The container resource footprint is particularly relevant because of the high-volume and short-lived nature of serverless workloads. Despite containers having a smaller memory and CPU overhead than other mechanisms such as virtual machines (VMs), there remains an impedance mismatch between the execution of individual short-running functions and the process-based isolation of containers. Containers have start-up latencies in the hundreds of milliseconds to several seconds, leading to the cold-start problem in today’s serverless platforms [36, 83]. The large memory footprint of containers limits scalability—while technically capped at the process limit of a machine, the maximum number of containers is usually limited by the amount of available memory, with only a few thousand containers supported on a machine with 16 GB of RAM [51].

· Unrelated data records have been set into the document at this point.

lemma independent_edge_vectors_card_less:
  assumes FG: "F \<subseteq> edge_vectors G" and "F \<noteq> {}" and indep: "independent F"
  shows "card F < card {u. \<exists>f\<in>F. f $ u \<noteq> 0}"
proof -
  define U where "U = {u. \<exists>f\<in>F. f $ u \<noteq> 0}"
  obtain f0 where "f0 \<in> F"
    using \<open>F \<noteq> {}\<close> by blast
  then obtain e v where f0: "f0 = axis (Inl e) 1 + axis (Inr v) 1"
    using FG by (auto simp: edge_vectors_def)
  define b where "b = (axis (Inl e) 1 :: real ^ ('a + 'b))"
  \<comment> \<open>The two colour classes carry the same weight on every edge vector, but not on b.\<close>
  define L where "L x = (\<Sum>e\<in>UNIV. x $ Inl e) - (\<Sum>v\<in>UNIV. x $ Inr v)" for x :: "real ^ ('a + 'b)"
  have "linear L"
    by (rule linearI) (simp_all add: L_def sum.distrib sum_subtractf sum_distrib_left algebra_simps)
  moreover have "\<forall>f\<in>F. L f = 0"
    using FG edge_vector_sums(1,2)[of _ G] by (auto simp: L_def)
  ultimately have "\<forall>x\<in>span F. L x = 0"
    using linear_eq_0_on_span by blast
  moreover have "L b = 1"
    by (simp add: L_def b_def axis_def)
  ultimately have "b \<notin> span F"
    by fastforce
  then have "independent (insert b F)" and "b \<notin> F"
    using indep span_base by (auto simp: independent_insert)
  moreover have "insert b F \<subseteq> span ((\<lambda>u. axis u 1) ` U)"
  proof -
    have "w \<in> span ((\<lambda>u. axis u 1) ` U)" if "w \<in> F" for w
    proof -
      have "(\<lambda>u. axis u 1) ` {u. w $ u \<noteq> 0} \<subseteq> (\<lambda>u. axis u (1::real)) ` U"
        using that unfolding U_def by blast
      then show ?thesis
        using edge_vector_in_span_axes[of w G] that FG span_mono by blast
    qed
    moreover have "f0 $ Inl e = 1"
      by (simp add: f0 axis_def)
    then have "Inl e \<in> U"
      unfolding U_def using \<open>f0 \<in> F\<close> by force
    ultimately show ?thesis
      unfolding b_def by (auto intro: span_base)
  qed
  ultimately have "card (insert b F) \<le> card ((\<lambda>u. axis u (1::real)) ` U)"
    using independent_span_bound[of "(\<lambda>u. axis u 1) ` U" "insert b F"] by (simp del: card_insert_disjoint)
  also have "\<dots> \<le> card U"
    by (rule card_image_le) simp
  finally show ?thesis
    using finite_subset[OF FG finite_edge_vectors] \<open>b \<notin> F\<close> by (simp add: U_def)
qed

lemma independent_edge_vectors_leaf:
  assumes FG: "F \<subseteq> edge_vectors G" and "F \<noteq> {}" and "independent F"
  shows "has_leaf F"
proof (rule ccontr)
  assume no_leaf: "\<not> ?thesis"
  define U where "U = {u. \<exists>f\<in>F. f $ u \<noteq> 0}"
  have fin: "finite F"
    using FG finite_edge_vectors by (rule finite_subset)
  have component: "f $ u = 0 \<or> f $ u = 1" if "f \<in> F" for f u
    using that FG edge_vector_component by blast
  have nonneg: "0 \<le> f $ u" if "f \<in> F" for f u
    using component[OF that, of u] by auto
  \<comment> \<open>Without a leaf every vertex met by F is met at least twice; count incidences.\<close>
  have "2 \<le> (\<Sum>f\<in>F. f $ u)" if "u \<in> U" for u
  proof -
    obtain f where f: "f \<in> F" "f $ u = 1"
      using \<open>u \<in> U\<close> component unfolding U_def by blast
    then obtain f' where f': "f' \<in> F" "f' \<noteq> f" "f' $ u = 1"
      using no_leaf component unfolding has_leaf_def by blast
    have "(\<Sum>g\<in>{f, f'}. g $ u) \<le> (\<Sum>g\<in>F. g $ u)"
      using f f' fin nonneg by (intro sum_mono2) auto
    then show ?thesis
      using f f' by simp
  qed
  then have "(\<Sum>u\<in>U. 2) \<le> (\<Sum>u\<in>U. \<Sum>f\<in>F. f $ u)"
    by (rule sum_mono)
  then have "2 * real (card U) \<le> (\<Sum>u\<in>U. \<Sum>f\<in>F. f $ u)"
    by (simp add: mult.commute)
  also have "\<dots> \<le> (\<Sum>u\<in>UNIV. \<Sum>f\<in>F. f $ u)"
    using nonneg by (intro sum_mono2 sum_nonneg) auto
  also have "\<dots> = (\<Sum>f\<in>F. \<Sum>u\<in>UNIV. f $ u)"
    by (rule sum.swap)
  also have "\<dots> = 2 * real (card F)"
    using FG edge_vector_sums(3)[of _ G] by (simp add: subset_iff)
  finally have "card U \<le> card F"
    by simp
  then show False
    using independent_edge_vectors_card_less[OF assms] unfolding U_def by simp
qed

lemma unimodular_independent_edge_vectors:
  assumes "F \<subseteq> edge_vectors G" and "independent F"
  shows "unimodular F"
proof (rule unimodular_by_leaves)
  show "finite F"
    using assms(1) finite_edge_vectors by (rule finite_subset)
  show "\<forall>f\<in>F. lattice_point f"
    using assms(1) edge_vector_lattice_point by blast
  show "has_leaf F'"
    if "F' \<subseteq> F" "F' \<noteq> {}" for F'
    using that assms independent_mono[OF assms(2) that(1)]
    by (intro independent_edge_vectors_leaf) auto
qed

lemma unimodular_triangulation_root_polytope:
  assumes tri: "is_triangulation d (root_polytope G) T"
  shows "unimodular_triangulation d (root_polytope G) T"
proof
  have vertices: "S \<subseteq> edge_vectors G" if "S \<in> T" for S
    using tri that extreme_point_of_convex_hull unfolding is_triangulation_def root_polytope_eq
    by blast
  show "is_triangulation d (root_polytope G) T"
    by (rule tri)
  show "finite T"
    using vertices finite_edge_vectors by (meson Pow_iff finite_Pow_iff finite_subset subsetI)
  show "lattice_point v" if "S \<in> T" "v \<in> S" for S v
    using that vertices edge_vector_lattice_point by blast
  \<comment> \<open>Edge vectors lie on the affine hyperplane where the E-coordinates sum to 1.\<close>
  have "linear (\<lambda>x :: real ^ ('a + 'b). \<Sum>e\<in>UNIV. x $ Inl e)"
    by (rule linearI) (simp_all add: sum.distrib sum_distrib_left)
  then show "unimodular S" if "S \<in> T" for S
    using that vertices tri edge_vector_sums(1)[of _ G] unfolding is_triangulation_def
    by (intro unimodular_independent_edge_vectors affine_independent_imp_independent) blast+
qed

theorem theorem3p9:
  fixes G :: "'e::finite \<Rightarrow> 'v::finite \<Rightarrow> bool"
    and a :: "nat \<Rightarrow> rat"
    and T :: "(real ^ ('e + 'v)) set set"
  assumes conn: "bip_connected G"
    and d_def: "d = CARD('e) + CARD('v) - 2"
    and ehr: "\<forall>s::nat. real (ehrhart G s) = (\<Sum>k\<le>d. real_of_rat (a k) * real ((s + d - k) choose d))"
    and tri: "is_triangulation d (root_polytope G) T"
  shows "\<forall>x::real. x \<noteq> 0 \<longrightarrow>
           x ^ (CARD('e) + CARD('v) - 1) * h_poly d T (1 / x) = (\<Sum>k\<le>d. real_of_rat (a k) * x ^ k)"
proof (intro allI impI)
  fix x :: real assume "x \<noteq> 0"
  interpret unimodular_triangulation d "root_polytope G" T
    using tri by (rule unimodular_triangulation_root_polytope)
  have "0 < CARD('e)" "0 < CARD('v)"
    by simp_all
  then have "CARD('e) + CARD('v) - 1 = Suc d"
    using d_def by linarith
  moreover have "\<forall>s. (\<Sum>k\<le>d. real_of_rat (a k) * real ((s + d - k) choose d)) =
      (\<Sum>j\<le>Suc d. real (face_count T j) * fps_nth ((fps_X * inverse (1 - fps_X)) ^ j) s)"
    using ehr card_lattice_points unfolding ehrhart_def lattice_point_def by simp
  then have "(\<Sum>k\<le>d. real_of_rat (a k) * x ^ k) =
      (\<Sum>j\<le>Suc d. real (face_count T j) * x ^ j * (1 - x) ^ (Suc d - j))"
    by (rule h_star_polynomial_eq)
  ultimately show "x ^ (CARD('e) + CARD('v) - 1) * h_poly d T (1 / x) =
      (\<Sum>k\<le>d. real_of_rat (a k) * x ^ k)"
    using h_poly_reciprocal[OF \<open>x \<noteq> 0\<close>] by simp
qed

end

由于無服務(wù)器工作負(fù)載的高容量和短期特性，容器資源占用尤其重要锣杂。盡管容器比其他機(jī)制（例如虛擬機(jī) (VM)）具有更小的內(nèi)存和 CPU 開銷脂倦，但在單個短期運(yùn)行功能的執(zhí)行與基于進(jìn)程的容器隔離之間仍然存在阻抗不匹配。容器的啟動延遲在數(shù)百毫秒到幾秒之間元莫，導(dǎo)致當(dāng)今無服務(wù)器平臺的冷啟動問題 [36, 83]赖阻。容器的大內(nèi)存占用限制了可擴(kuò)展性——雖然在技術(shù)上受限于機(jī)器的進(jìn)程限制，但容器的最大數(shù)量通常受可用內(nèi)存量的限制踱蠢，在具有 16 GB RAM 的機(jī)器上僅支持幾千個容器[51]火欧。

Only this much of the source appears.